== What is required ==
In the data below, one line contains "U' = (\<Sum>a\<in>UNIV." and a later one contains "strat set \<Rightarrow>". Print both, with every line between them, exactly and alone.

--- Task inputs ---

(* For strategies with finite input sets $A,B$ and finite output sets $X,Y$, the class $\mathbb{NOSIG}:=\mathbf{R}\text{-}\mathbb{SIG}\cap\mathbf{L}\text{-}\mathbb{SIG}$ coincides exactly with the set of no-signalling strategies, i.e. those $P(x,y\mid a,b)$ such that $\sum_{y}P(x,y\mid a,b)$ does not depend on $b$ (for every $a,x$) and $\sum_{x}P(x,y\mid a,b)$ does not depend on $a$ (for every $b,y$).
   Context: A (two-party, single-round) strategy with input sets $A,B$ and output sets $X,Y$ is a family of conditional distributions $P(x,y\mid a,b)$. Distance: $|U,U'|=\sum_{a,b,x,y}|P_U(x,y\mid a,b)-P_{U'}(x,y\mid a,b)|$, and for a set $\mathcal U'$ of strategies $|U,\mathcal U'|=\inf_{U'\in\mathcal U'}|U,U'|$. For a strategy $U$ with input sets $A_U,B_U$ and output sets $X_U,Y_U$, $\mathrm{LOC}^n(U)$ is the set of strategies Alice and Bob can realize as follows: pick a finite set $R$ and a uniformly random $r\in R$ shared by both; Alice uses functions $f_A^j:A\times X_U^{j}\times R\to A_U$ ($0\le j<n$) to choose her input to the $(j+1)$-th call of $U$ from her input and previous outputs, and $f_A^n:A\times X_U^n\times R\to X$ to produce her output; Bob likewise with $g_B^j:B\times Y_U^j\times R\to B_U$ and $g_B^n:B\times Y_U^n\times R\to Y$; each of the (up to $n$) calls of $U$ is an independent use of $U$. $U'\le_{LOC}U$ iff $\lim_{n\to\infty}|U',\mathrm{LOC}^n(U)|=0$. The $\mathbf{R}\text{-}\mathbf{SIG}$ box: on inputs $a\in A$ (Alice), $b$ (Bob), outputs $a$ to Alice and $a$ to Bob. The $\mathbf{L}\text{-}\mathbf{SIG}$ box: on inputs $a$, $b\in B$, outputs $b$ to Alice and $b$ to Bob. $\mathbf{R}\text{-}\mathbb{SIG}=\{U:U\le_{LOC}\mathbf{R}\text{-}\mathbf{SIG}\}$, $\mathbf{L}\text{-}\mathbb{SIG}=\{U:U\le_{LOC}\mathbf{L}\text{-}\mathbf{SIG}\}$. *)

theory Defs
  imports Complex_Main
begin

text \<open>A (two-party, single-round) strategy with input sets 'a, 'b and output sets 'x, 'y
  (finite types): P a b x y = P(x,y | a,b).\<close>
type_synonym ('a,'b,'x,'y) strat = "'a \<Rightarrow> 'b \<Rightarrow> 'x \<Rightarrow> 'y \<Rightarrow> real"

definition is_strategy :: "('a::finite,'b::finite,'x::finite,'y::finite) strat \<Rightarrow> bool" where
  "is_strategy P \<longleftrightarrow> (\<forall>a b x y. 0 \<le> P a b x y) \<and> (\<forall>a b. (\<Sum>x\<in>UNIV. \<Sum>y\<in>UNIV. P a b x y) = 1)"

definition strat_dist :: "('a::finite,'b::finite,'x::finite,'y::finite) strat \<Rightarrow> ('a,'b,'x,'y) strat \<Rightarrow> real" where
  "strat_dist U U' = (\<Sum>a\<in>UNIV. \<Sum>b\<in>UNIV. \<Sum>x\<in>UNIV. \<Sum>y\<in>UNIV. \<bar>U a b x y - U' a b x y\<bar>)"

definition strat_setdist :: "('a::finite,'b::finite,'x::finite,'y::finite) strat \<Rightarrow> ('a,'b,'x,'y) strat set \<Rightarrow> real" where
  "strat_setdist U S = (INF U'\<in>S. strat_dist U U')"

text \<open>The strategy realised with n sequential independent calls of the box U, shared uniform
  randomness r \<in> R (R a finite nonempty set), Alice's input functions fA j (history = list of her
  previous j box outputs), her output function fO, and Bob's gB j, gO likewise.\<close>
definition realize ::
  "nat \<Rightarrow> ('au::finite,'bu::finite,'xu::finite,'yu::finite) strat \<Rightarrow> nat set
   \<Rightarrow> (nat \<Rightarrow> 'a \<Rightarrow> 'xu list \<Rightarrow> nat \<Rightarrow> 'au) \<Rightarrow> ('a \<Rightarrow> 'xu list \<Rightarrow> nat \<Rightarrow> 'x)
   \<Rightarrow> (nat \<Rightarrow> 'b \<Rightarrow> 'yu list \<Rightarrow> nat \<Rightarrow> 'bu) \<Rightarrow> ('b \<Rightarrow> 'yu list \<Rightarrow> nat \<Rightarrow> 'y)
   \<Rightarrow> ('a,'b,'x,'y) strat" where
  "realize n U R fA fO gB gO = (\<lambda>a b x y.
     (1 / real (card R)) * (\<Sum>r\<in>R. \<Sum>xs\<in>{xs. length xs = n}. \<Sum>ys\<in>{ys. length ys = n}.
        (if fO a xs r = x \<and> gO b ys r = y then
           (\<Prod>j<n. U (fA j a (take j xs) r) (gB j b (take j ys) r) (xs ! j) (ys ! j))
         else 0)))"

definition LOC :: "nat \<Rightarrow> ('au::finite,'bu::finite,'xu::finite,'yu::finite) strat
                   \<Rightarrow> ('a,'b,'x,'y) strat set" where
  "LOC n U = {realize n U R fA fO gB gO | R fA fO gB gO. finite R \<and> R \<noteq> {}}"

definition le_LOC :: "('a::finite,'b::finite,'x::finite,'y::finite) strat
                      \<Rightarrow> ('au::finite,'bu::finite,'xu::finite,'yu::finite) strat \<Rightarrow> bool" where
  "le_LOC U' U \<longleftrightarrow> (\<lambda>n. strat_setdist U' (LOC n U)) \<longlonglongrightarrow> 0"

definition R_SIG_box :: "('a,'b,'a,'a) strat" where
  "R_SIG_box = (\<lambda>a b x y. if x = a \<and> y = a then 1 else 0)"

definition L_SIG_box :: "('a,'b,'b,'b) strat" where
  "L_SIG_box = (\<lambda>a b x y. if x = b \<and> y = b then 1 else 0)"

definition R_SIG_class :: "('a::finite,'b::finite,'x::finite,'y::finite) strat set" where
  "R_SIG_class = {U. is_strategy U \<and> le_LOC U (R_SIG_box :: ('a,'b,'a,'a) strat)}"

definition L_SIG_class :: "('a::finite,'b::finite,'x::finite,'y::finite) strat set" where
  "L_SIG_class = {U. is_strategy U \<and> le_LOC U (L_SIG_box :: ('a,'b,'b,'b) strat)}"

definition no_signalling :: "('a::finite,'b::finite,'x::finite,'y::finite) strat set" where
  "no_signalling = {P. is_strategy P \<and>
     (\<forall>a x b b'. (\<Sum>y\<in>UNIV. P a b x y) = (\<Sum>y\<in>UNIV. P a b' x y)) \<and>
     (\<forall>b y a a'. (\<Sum>x\<in>UNIV. P a b x y) = (\<Sum>x\<in>UNIV. P a' b x y))}"

end

theory Submission
  imports Defs "HOL-Library.Cardinality" "HOL-Library.Nat_Bijection"
begin

text \<open>
  A box that ignores Bob's input, such as R-SIG, lets no realization built from it carry Bob's
  input into Alice's marginal, and this linear constraint survives the limit in the
  \<open>\<ell>\<^sub>1\<close> distance. Conversely, if Alice's marginal \<open>P\<^sub>A(x|a)\<close> does not depend on \<open>b\<close>,
  then \<open>P(x,y|a,b) = P\<^sub>A(x|a) Q(y|a,b,x)\<close>. One call of R-SIG tells Bob \<open>a\<close>; two shared uniform
  indices below \<open>N\<close> then let Alice output \<open>x\<close> with the empirical distribution of a rounding of
  \<open>P\<^sub>A(\<cdot>|a)\<close> to multiples of \<open>1/N\<close>, and Bob, who can recompute \<open>x\<close>, output \<open>y\<close> from
  a rounding of \<open>Q(\<cdot>|a,b,x)\<close>. The error is \<open>O(1/N)\<close>. L-SIG is R-SIG with the parties swapped.
\<close>

definition empirical :: "nat \<Rightarrow> (nat \<Rightarrow> 'w) \<Rightarrow> 'w \<Rightarrow> real" where
  "empirical N f w = real (card {r\<in>{..<N}. f r = w}) / real N"

lemma empirical_eq_sum: "empirical N f w = (\<Sum>r<N. if f r = w then 1 else 0) / real N"
  unfolding empirical_def by (simp add: sum.inter_filter[symmetric])

lemma empirical_nonneg: "0 \<le> empirical N f w"
  unfolding empirical_def by simp

lemma empirical_le_1: "empirical N f w \<le> 1"
proof -
  have "card {r\<in>{..<N}. f r = w} \<le> N"
    using card_mono[of "{..<N}" "{r\<in>{..<N}. f r = w}"] by auto
  then show ?thesis unfolding empirical_def by (cases "N = 0") (simp_all add: divide_le_eq_1)
qed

---

== Written reply ==
  "strat_dist U U' = (\<Sum>a\<in>UNIV. \<Sum>b\<in>UNIV. \<Sum>x\<in>UNIV. \<Sum>y\<in>UNIV. \<bar>U a b x y - U' a b x y\<bar>)"

definition strat_setdist :: "('a::finite,'b::finite,'x::finite,'y::finite) strat \<Rightarrow> ('a,'b,'x,'y) strat set \<Rightarrow> real" where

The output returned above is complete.